(Input for this task Opens)

lemma prefix_conj_neutral:
  assumes "set gs \<subseteq> Oc" "k \<in> set gs" "neutral_word G Oc ws"
  shows "strong_eq G Oc (map Xg gs @ map Xg ws @ Y) (map Xg gs @ map Xg (conj_word G ws k) @ Y)"
proof -
  obtain us vs where gs: "gs = us @ k # vs"
    using assms(2) split_list by metis
  have k: "k \<in> Oc" and vs: "set vs \<subseteq> Oc"
    using assms(1) gs by auto
  have ws': "neutral_word G Oc (conj_word G ws k)"
    using assms(3) k by (simp add: neutral_word_conj)
  let ?P = "map Xg us @ [Xg k]"
  have "strong_eq G Oc (?P @ (map Xg vs @ map Xg ws) @ Y) (?P @ (map Xg ws @ map Xg vs) @ Y)"
    using vs assms(3) by (intro strong_eq.ctxt neutral_commute_x_word)
  also have "?P @ (map Xg ws @ map Xg vs) @ Y = map Xg us @ (Xg k # map Xg ws) @ map Xg vs @ Y"
    by simp
  also have "strong_eq G Oc \<dots> (map Xg us @ (Xg k # map Xg (conj_word G ws k)) @ map Xg vs @ Y)"
    using k assms(3) by (intro strong_eq.ctxt x_conj_neutral)
  also have "\<dots> = ?P @ (map Xg (conj_word G ws k) @ map Xg vs) @ Y"
    by simp
  also have "strong_eq G Oc \<dots> (?P @ (map Xg vs @ map Xg (conj_word G ws k)) @ Y)"
    using vs ws' by (intro strong_eq.ctxt strong_eq.sym[OF neutral_commute_x_word])
  finally show ?thesis
    by (simp add: gs)
qed

text \<open>x_f y_{a,b} with f^{[a,b]} = e is rewritten both by r2 and by r5.\<close>
lemma y_pass_x:
  assumes "e \<in> Oc" "a \<in> carrier G" "b \<in> carrier G"
  shows "strong_eq G Oc [Yab a b, Xg e] [Xg e, Yab (gconj G a e) (gconj G b e)]"
proof -
  define f where "f = gconj G e (inv (gcomm G a b))"
  have f: "f \<in> Oc" "gconj G f (gcomm G a b) = e"
    using assms by (simp_all add: f_def gconj_in_Oc)
  have "strong_eq G Oc [Yab a b, Xg e] [Xg f, Yab a b]"
    using strong_rel.r2[OF f(1) assms(2,3)] f(2) by (auto intro: strong_eq.sym strong_eq.base)
  also have "strong_eq G Oc \<dots> [Xg e, Yab (gconj G a e) (gconj G b e)]"
    using strong_rel.r5[OF f(1) assms(2,3)] f(2) by (auto intro: strong_eq.base)
  finally show ?thesis .
qed

lemma y_pass_word:
  "set ws \<subseteq> Oc \<Longrightarrow> a \<in> carrier G \<Longrightarrow> b \<in> carrier G \<Longrightarrow>
   strong_eq G Oc (Yab a b # map Xg ws)
     (map Xg ws @ [Yab (gconj G a (alpha G ws)) (gconj G b (alpha G ws))])"
proof (induction ws arbitrary: a b)
  case Nil
  then show ?case by (simp add: strong_eq.refl)
next
  case (Cons w ws)
  have "strong_eq G Oc (Yab a b # Xg w # map Xg ws) (Xg w # Yab (gconj G a w) (gconj G b w) # map Xg ws)"
    using Cons.prems by (intro strong_eq_two_letters[OF y_pass_x]) auto
  also have "strong_eq G Oc \<dots> (Xg w # map Xg ws @
      [Yab (gconj G (gconj G a w) (alpha G ws)) (gconj G (gconj G b w) (alpha G ws))])"
    using Cons.prems by (intro strong_eq_Cons Cons.IH) auto
  finally show ?case
    using Cons.prems set_Oc_carrier by (simp add: gconj_gconj)
qed

lemma neutral_commute_ywords:
  "neutral_word G Oc ws \<Longrightarrow> \<forall>(a, b) \<in> set abps. a \<in> carrier G \<and> b \<in> carrier G \<Longrightarrow>
   strong_eq G Oc (ywords abps @ map Xg ws) (map Xg ws @ ywords abps)"
proof (induction abps)
  case Nil
  then show ?case by (simp add: strong_eq.refl)
next
  case (Cons ab abps)
  obtain a b where ab: "ab = (a, b)"
    by fastforce
  have "strong_eq G Oc (Yab a b # ywords abps @ map Xg ws) (Yab a b # map Xg ws @ ywords abps)"
    using Cons by (intro strong_eq_Cons Cons.IH) auto
  also have "strong_eq G Oc \<dots> (map Xg ws @ Yab a b # ywords abps)"
    using strong_eq_append_right[OF y_pass_word[of ws a b], of "ywords abps"] Cons.prems ab
    by (simp add: neutral_word_def)
  finally show ?case
    by (simp add: ab)
qed

lemma y_pass_x_fst:
  assumes "g \<in> Oc" "a \<in> carrier G" "b \<in> carrier G"
  shows "strong_eq G Oc [Yab a b, Xg g] [Xg (gconj G g (inv a)), Yab a (inv g \<otimes> b)]"
proof -
  have "strong_eq G Oc [Xg (gconj G g (inv a)), Yab a (inv g \<otimes> b)]
      [Yab a (inv g \<otimes> b), Xg (gconj G (gconj G g (inv a)) (gcomm G a (inv g \<otimes> b)))]"
    using assms by (intro strong_eq.base strong_rel.r2) (simp_all add: gconj_in_Oc)
  then have r2: "strong_eq G Oc [Yab a (inv g \<otimes> b), Xg (gconj G g (cc2 G g a b))]
      [Xg (gconj G g (inv a)), Yab a (inv g \<otimes> b)]"
    using assms by (simp add: gconj_gcomm_cc2 strong_eq.sym)
  have "strong_eq G Oc [Yab a b, Xg g] [Yab a (inv g \<otimes> b), Xg (gconj G g (cc2 G g a b))]"
    using assms by (intro strong_eq.base strong_rel.r4)
  also note r2
  finally show ?thesis .
qed

lemma y_pass_word_fst:
  "set ws \<subseteq> Oc \<Longrightarrow> a \<in> carrier G \<Longrightarrow> b \<in> carrier G \<Longrightarrow>
   strong_eq G Oc (Yab a b # map Xg ws)
     (map Xg (conj_word G ws (inv a)) @ [Yab a (inv (alpha G ws) \<otimes> b)])"
proof (induction ws arbitrary: b)
  case Nil
  then show ?case by (simp add: strong_eq.refl)
next
  case (Cons w ws)
  have "strong_eq G Oc (Yab a b # Xg w # map Xg ws)
      (Xg (gconj G w (inv a)) # Yab a (inv w \<otimes> b) # map Xg ws)"
    using Cons.prems by (intro strong_eq_two_letters[OF y_pass_x_fst]) auto
  also have "strong_eq G Oc \<dots> (Xg (gconj G w (inv a)) #
      map Xg (conj_word G ws (inv a)) @ [Yab a (inv (alpha G ws) \<otimes> (inv w \<otimes> b))])"
    using Cons.prems by (intro strong_eq_Cons Cons.IH) auto
  finally show ?case
    using Cons.prems set_Oc_carrier by (simp add: group_normalize)
qed

lemma x_pass_y_snd:
  assumes "g \<in> Oc" "a \<in> carrier G" "b \<in> carrier G"
  shows "strong_eq G Oc [Xg g, Yab a b] [Yab (g \<otimes> a) b, Xg (gconj G g (inv b))]"
proof -
  have "strong_eq G Oc [Xg g, Yab a b] [Xg (gconj G g (cc1 G g a b)), Yab (g \<otimes> a) b]"
    using assms by (intro strong_eq.base strong_rel.r3)
  also have "strong_eq G Oc \<dots>
      [Yab (g \<otimes> a) b, Xg (gconj G (gconj G g (cc1 G g a b)) (gcomm G (g \<otimes> a) b))]"
    using assms by (intro strong_eq.base strong_rel.r2) (simp_all add: gconj_in_Oc)
  also have "\<dots> = [Yab (g \<otimes> a) b, Xg (gconj G g (inv b))]"
    using assms by (simp add: gconj_cc1_gcomm)
  finally show ?thesis .
qed

lemma word_pass_y_snd:
  "set ws \<subseteq> Oc \<Longrightarrow> a \<in> carrier G \<Longrightarrow> b \<in> carrier G \<Longrightarrow>
   strong_eq G Oc (map Xg ws @ [Yab a b])
     (Yab (alpha G ws \<otimes> a) b # map Xg (conj_word G ws (inv b)))"
proof (induction ws arbitrary: a)
  case Nil
  then show ?case by (simp add: strong_eq.refl)
next
  case (Cons w ws)
  have "strong_eq G Oc (Xg w # map Xg ws @ [Yab a b])
      (Xg w # Yab (alpha G ws \<otimes> a) b # map Xg (conj_word G ws (inv b)))"
    using Cons.prems by (intro strong_eq_Cons Cons.IH) auto
  also have "strong_eq G Oc \<dots> (Yab (w \<otimes> (alpha G ws \<otimes> a)) b #
      Xg (gconj G w (inv b)) # map Xg (conj_word G ws (inv b)))"
    using Cons.prems set_Oc_carrier by (intro strong_eq_two_letters[OF x_pass_y_snd]) auto
  finally show ?case
    using Cons.prems set_Oc_carrier by (simp add: m_assoc)
qed

lemma neutral_conj_inv_fst:
  assumes "neutral_word G Oc ws" "a \<in> carrier G" "b \<in> carrier G"
  shows "strong_eq G Oc (map Xg ws @ [Yab a b]) (map Xg (conj_word G ws (inv a)) @ [Yab a b])"
proof -
  have ws: "set ws \<subseteq> Oc" "alpha G ws = \<one>"
    using assms(1) by (auto simp: neutral_word_def)
  have "strong_eq G Oc (map Xg ws @ [Yab a b]) (Yab a b # map Xg ws)"
    using y_pass_word[OF ws(1) assms(2,3)] ws assms by (simp add: strong_eq.sym)
  also have "strong_eq G Oc \<dots> (map Xg (conj_word G ws (inv a)) @ [Yab a b])"
    using y_pass_word_fst[OF ws(1) assms(2,3)] ws assms by simp
  finally show ?thesis .
qed

lemma neutral_conj_inv_snd:
  assumes "neutral_word G Oc ws" "a \<in> carrier G" "b \<in> carrier G"
  shows "strong_eq G Oc (map Xg ws @ [Yab a b]) (map Xg (conj_word G ws (inv b)) @ [Yab a b])"
proof -
  have ws: "set ws \<subseteq> Oc" "alpha G ws = \<one>"
    using assms(1) by (auto simp: neutral_word_def)
  have ws': "set (conj_word G ws (inv b)) \<subseteq> Oc" "alpha G (conj_word G ws (inv b)) = \<one>"
    using neutral_word_conj[OF assms(1)] assms(3) by (auto simp: neutral_word_def)
  have "strong_eq G Oc (map Xg ws @ [Yab a b]) (Yab a b # map Xg (conj_word G ws (inv b)))"
    using word_pass_y_snd[OF ws(1) assms(2,3)] ws assms by simp
  also have "strong_eq G Oc \<dots> (map Xg (conj_word G ws (inv b)) @ [Yab a b])"
    using y_pass_word[OF ws'(1) assms(2,3)] ws' assms by simp
  finally show ?thesis .
qed

lemma ywords_replace_neutral:
  assumes "\<forall>(a, b) \<in> set abps. a \<in> carrier G \<and> b \<in> carrier G" "(a, b) \<in> set abps"
    and "neutral_word G Oc ws" "neutral_word G Oc ws'"
    and "strong_eq G Oc (map Xg ws @ [Yab a b]) (map Xg ws' @ [Yab a b])"
  shows "strong_eq G Oc (P @ map Xg ws @ ywords abps) (P @ map Xg ws' @ ywords abps)"
proof -
  obtain us vs where abps: "abps = us @ (a, b) # vs"
    using assms(2) split_list by metis
  have us: "\<forall>(a, b) \<in> set us. a \<in> carrier G \<and> b \<in> carrier G"
    using assms(1) abps by auto
  let ?Y = "Yab a b # ywords vs"
  have "strong_eq G Oc (P @ (map Xg ws @ ywords us) @ ?Y) (P @ (ywords us @ map Xg ws) @ ?Y)"
    using assms(3) us by (intro strong_eq.ctxt strong_eq.sym[OF neutral_commute_ywords])
  also have "\<dots> = (P @ ywords us) @ (map Xg ws @ [Yab a b]) @ ywords vs"
    by simp
  also have "strong_eq G Oc \<dots> ((P @ ywords us) @ (map Xg ws' @ [Yab a b]) @ ywords vs)"
    using assms(5) by (rule strong_eq.ctxt)
  also have "\<dots> = P @ (ywords us @ map Xg ws') @ ?Y"
    by simp
  also have "strong_eq G Oc \<dots> (P @ (map Xg ws' @ ywords us) @ ?Y)"
    using assms(4) us by (intro strong_eq.ctxt neutral_commute_ywords)
  finally show ?thesis
    by (simp add: abps)
qed

lemma ywords_conj_neutral_fst:
  assumes "\<forall>(a, b) \<in> set abps. a \<in> carrier G \<and> b \<in> carrier G" "(a, b) \<in> set abps"
    and "neutral_word G Oc ws"
  shows "strong_eq G Oc (P @ map Xg ws @ ywords abps)
    (P @ map Xg (conj_word G ws (inv a)) @ ywords abps)"
proof -
  have ab: "a \<in> carrier G" "b \<in> carrier G"
    using assms(1,2) by auto
  show ?thesis
    by (rule ywords_replace_neutral[OF assms neutral_word_conj[OF assms(3) inv_closed[OF ab(1)]]
          neutral_conj_inv_fst[OF assms(3) ab]])
qed

lemma ywords_conj_neutral_snd:
  assumes "\<forall>(a, b) \<in> set abps. a \<in> carrier G \<and> b \<in> carrier G" "(a, b) \<in> set abps"
    and "neutral_word G Oc ws"
  shows "strong_eq G Oc (P @ map Xg ws @ ywords abps)
    (P @ map Xg (conj_word G ws (inv b)) @ ywords abps)"
proof -
  have ab: "a \<in> carrier G" "b \<in> carrier G"
    using assms(1,2) by auto
  show ?thesis
    by (rule ywords_replace_neutral[OF assms neutral_word_conj[OF assms(3) inv_closed[OF ab(2)]]
          neutral_conj_inv_snd[OF assms(3) ab]])
qed

lemma neutral_heads_conj:
  assumes "c \<in> carrier G"
    and "\<And>ws. neutral_word G Oc ws \<Longrightarrow>
      strong_eq G Oc (P @ map Xg ws @ Y) (P @ map Xg (conj_word G ws c) @ Y)"
  shows "(\<lambda>f. gconj G f c) ` neutral_heads G Oc w P Y \<subseteq> neutral_heads G Oc w P Y"
proof (rule image_subsetI)
  fix f
  assume "f \<in> neutral_heads G Oc w P Y"
  then obtain zs where zs: "neutral_word G Oc (f # zs)" "strong_eq G Oc w (P @ map Xg (f # zs) @ Y)"
    by (auto simp: neutral_heads_def)
  have "strong_eq G Oc w (P @ map Xg (conj_word G (f # zs) c) @ Y)"
    using zs(2) assms(2)[OF zs(1)] by (rule strong_eq.trans)
  moreover have "neutral_word G Oc (conj_word G (f # zs) c)"
    using zs(1) assms(1) by (rule neutral_word_conj)
  ultimately show "gconj G f c \<in> neutral_heads G Oc w P Y"
    unfolding neutral_heads_def by (intro CollectI exI[of _ "conj_word G zs c"]) simp
qed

(Input for this task Closes)

▶ _What to produce_
Find all the lines with "prems" in the data and copy them.

▶ _Exercise response_
    using Cons.prems by (intro strong_eq_two_letters[OF y_pass_x]) auto
    using Cons.prems by (intro strong_eq_Cons Cons.IH) auto
    using Cons.prems set_Oc_carrier by (simp add: gconj_gconj)
    using strong_eq_append_right[OF y_pass_word[of ws a b], of "ywords abps"] Cons.prems ab
    using Cons.prems by (intro strong_eq_two_letters[OF y_pass_x_fst]) auto
    using Cons.prems by (intro strong_eq_Cons Cons.IH) auto
    using Cons.prems set_Oc_carrier by (simp add: group_normalize)
    using Cons.prems by (intro strong_eq_Cons Cons.IH) auto
    using Cons.prems set_Oc_carrier by (intro strong_eq_two_letters[OF x_pass_y_snd]) auto
    using Cons.prems set_Oc_carrier by (simp add: m_assoc)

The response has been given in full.